Part of the a new Precision Diabetes Program—a collaboration between the UAB Comprehensive Diabetes Center and the Hugh Kaul Precision Medicine Institute at UAB—this study involved the analysis of 25,326 patients evaluated for COVID-19 at the tertiary care UAB Hospital between Feb. 25 and June 22, 2020. Out of the total patient population, 604 individuals were identified as COVID-19 positive and 311 of them were African Americans.  The results of the study have been made available in MedRxiv and then peer-reviewed and published in Frontiers in Endocrinology. The ultimate endpoint under review for this study centered on mortality in COVID-19 positive patients as well as the association with patient demographics and comorbidities.

The Results

Racial disparities in health were on full display from this study. Blacks (African Americans) represent 26% of the state’s population and turned out to be 52% of those who tested positive for the coronavirus; only 30% of individuals tested negative were Black. Meanwhile, whites represented only 36% of the COVID-19-positive patients and 56% of the study population tested negative. The study team’s results revealed however that there was no material difference in mortality based on race for all those who were identified as COVID-19 positive.

Emphasizing this racial divide on infection rate, Dr. Shalev shared, “In our cohort being African American appeared to be primarily a risk factor for contracting COVID-19, rather than for mortality. This suggests that any racial disparity observed is likely due to exposure risk and external socioeconomic factors, including access to proper health care.”

Mortality Metrics

Hansen writing for Alabama News Center reported that the overall mortality rate for the COVID-19 patients totaled 11%; 92% of the deaths involved patients aged over 50 and those who were male with higher blood pressure even higher risk. So was diabetes: 67% of the deaths involved patients with diabetes.

Key Takeaway

While the study team sought to better understand how diabetes treatments may worsen coronavirus outcomes, they looked at both insulin and metformin and determined that those that used insulin prior had no impact on mortality risk.

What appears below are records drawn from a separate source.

lemma rbn_dist_marginal:
  assumes "finite S" "\<forall>r\<in>S. wf_pform S ar (ar r) (F r)" "rbn_acyclic S ar F"
    and "m \<le> n" "w \<in> worlds S ar m"
  shows "marginal S ar n (rbn_dist S ar F n) m w = rbn_dist S ar F m w"
proof -
  have "{w' \<in> worlds S ar n. w' \<inter> gatoms S ar m = w} = {w'. w' \<subseteq> gatoms S ar n \<and> w' \<inter> gatoms S ar m = w}"
    unfolding worlds_def by auto
  then have "marginal S ar n (rbn_dist S ar F n) m w
      = (\<Sum>w' | w' \<subseteq> gatoms S ar n \<and> w' \<inter> gatoms S ar m = w. rbn_dist S ar F n w')"
    unfolding marginal_def by simp
  also have "\<dots> = rbn_dist S ar F m w"
    unfolding rbn_dist_eq_bn_prob[of S ar F m]
    using assms rbn_parents_subset_gatoms[OF assms(2)]
    by (intro sum_rbn_dist_restrict gatoms_mono) (auto simp: worlds_def)
  finally show ?thesis .
qed

lemma bij_betw_apsnd_map_gatoms:
  assumes "bij_betw \<pi> {..<n} {..<n}"
  shows "bij_betw (apsnd (map \<pi>)) (gatoms S ar n) (gatoms S ar n)"
proof (rule bij_betw_byWitness[where f' = "apsnd (map (inv_into {..<n} \<pi>))"])
  have inv: "bij_betw (inv_into {..<n} \<pi>) {..<n} {..<n}" using assms by (rule bij_betw_inv_into)
  have "map (inv_into {..<n} \<pi>) (map \<pi> i) = i" if "set i \<subseteq> {..<n}" for i
    using that bij_betw_inv_into_left[OF assms] by (auto intro!: map_idI)
  then show "\<forall>a\<in>gatoms S ar n. apsnd (map (inv_into {..<n} \<pi>)) (apsnd (map \<pi>) a) = a"
    by auto
  have "map \<pi> (map (inv_into {..<n} \<pi>) i) = i" if "set i \<subseteq> {..<n}" for i
    using that bij_betw_inv_into_right[OF assms] by (auto intro!: map_idI)
  then show "\<forall>a\<in>gatoms S ar n. apsnd (map \<pi>) (apsnd (map (inv_into {..<n} \<pi>)) a) = a"
    by auto
  show "apsnd (map \<pi>) ` gatoms S ar n \<subseteq> gatoms S ar n"
    using bij_betwE[OF assms] by force
  show "apsnd (map (inv_into {..<n} \<pi>)) ` gatoms S ar n \<subseteq> gatoms S ar n"
    using bij_betwE[OF inv] by force
qed

lemma exchangeable_rbn_dist:
  assumes "\<forall>r\<in>S. wf_pform S ar (ar r) (F r)"
  shows "exchangeable S ar n (rbn_dist S ar F n)"
  unfolding exchangeable_def
proof (intro ballI impI)
  fix w w' assume "isomorphic_worlds S ar n w w'"
  then obtain \<pi> where bij: "bij_betw \<pi> {..<n} {..<n}"
    and "\<forall>(r, i)\<in>gatoms S ar n. (r, i) \<in> w \<longleftrightarrow> (r, map \<pi> i) \<in> w'"
    unfolding isomorphic_worlds_def by blast
  then have iso: "a \<in> w \<longleftrightarrow> apsnd (map \<pi>) a \<in> w'" if "a \<in> gatoms S ar n" for a
    using that by (cases a) auto
  have factor: "bn_factor (rbn_cpd F) (apsnd (map \<pi>) a) w' = bn_factor (rbn_cpd F) a w"
    if a: "a \<in> gatoms S ar n" for a
  proof (cases a)
    case (Pair r i)
    with a assms have wf: "wf_pform S ar (length i) (F r)" by simp
    have "apsnd (map \<pi>) -` w' \<inter> rbn_parents F a = w \<inter> rbn_parents F a"
      using iso rbn_parents_subset_gatoms[OF assms a] by auto
    then have "rbn_cpd F a (apsnd (map \<pi>) -` w') = rbn_cpd F a w"
      by (rule rbn_cpd_cong)
    then have "rbn_cpd F (apsnd (map \<pi>) a) w' = rbn_cpd F a w"
      using Pair peval_map[OF wf] by (simp add: rbn_cpd_def)
    with iso[OF a] show ?thesis by (simp add: bn_factor_def)
  qed
  have "rbn_dist S ar F n w' = (\<Prod>a\<in>gatoms S ar n. bn_factor (rbn_cpd F) (apsnd (map \<pi>) a) w')"
    unfolding rbn_dist_eq_bn_prob bn_prob_def
    by (rule prod.reindex_bij_betw[OF bij_betw_apsnd_map_gatoms[OF bij], symmetric])
  also have "\<dots> = rbn_dist S ar F n w"
    unfolding rbn_dist_eq_bn_prob bn_prob_def using factor by (rule prod.cong[OF refl])
  finally show "rbn_dist S ar F n w = rbn_dist S ar F n w'" by simp
qed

But the use of metformin prior to COVID-19 diagnosis had a real positive impact, that is negatively impacting death rates. At an 11% mortality rate for metformin users, this compared to the general COVID-19 positive patient base and importantly “…dramatically lower than the 23% mortality for diabetes patients not on metformin” writes Hansen.

Even after controlling for a number of covariates, a lower death rate in the metformin taking population “…suggests that, while diabetes is an independent risk factor for COVID-19-related mortality, this risk is dramatically reduced in subjects taking metformin—raising the possibility that metformin may provide a protective approach in this high-risk population,” stated Dr. Shalev.

Lead Research/Investigator(s)

Anath Shalev, MD, professor in the UAB Department of Medicine Division of Endocrinology, Diabetes and Metabolism, holds the Nancy and Eugene Gwaltney Family Endowed Chair in Juvenile Diabetes and Metabolism, as well as the Nancy and Eugene Gwaltney Family Endowed Chair in Juvenile Diabetes Research.

Andrew Crouse, PhD, Director Research Operations, Hugh Kaul Precision Medicine Institute, UAB

Matthew Might, Director, Hugh Kaul Precision Medicine Institute, UAB

Tiffany Grimes, Hugh Kaul Precision Medicine Institute, UAB

Fernando Ovalle, MD, Hugh Kaul Precision Medicine Institute, UAB

Peng Li, PhD, Assistant Professor, UAB School of Nursing

Call to Action: The researchers believe more research is necessary to better understand how this cheap generic drug used for diabetes is protective as well as evaluate the risks and benefits of possible use of the drug in this ongoing pandemic.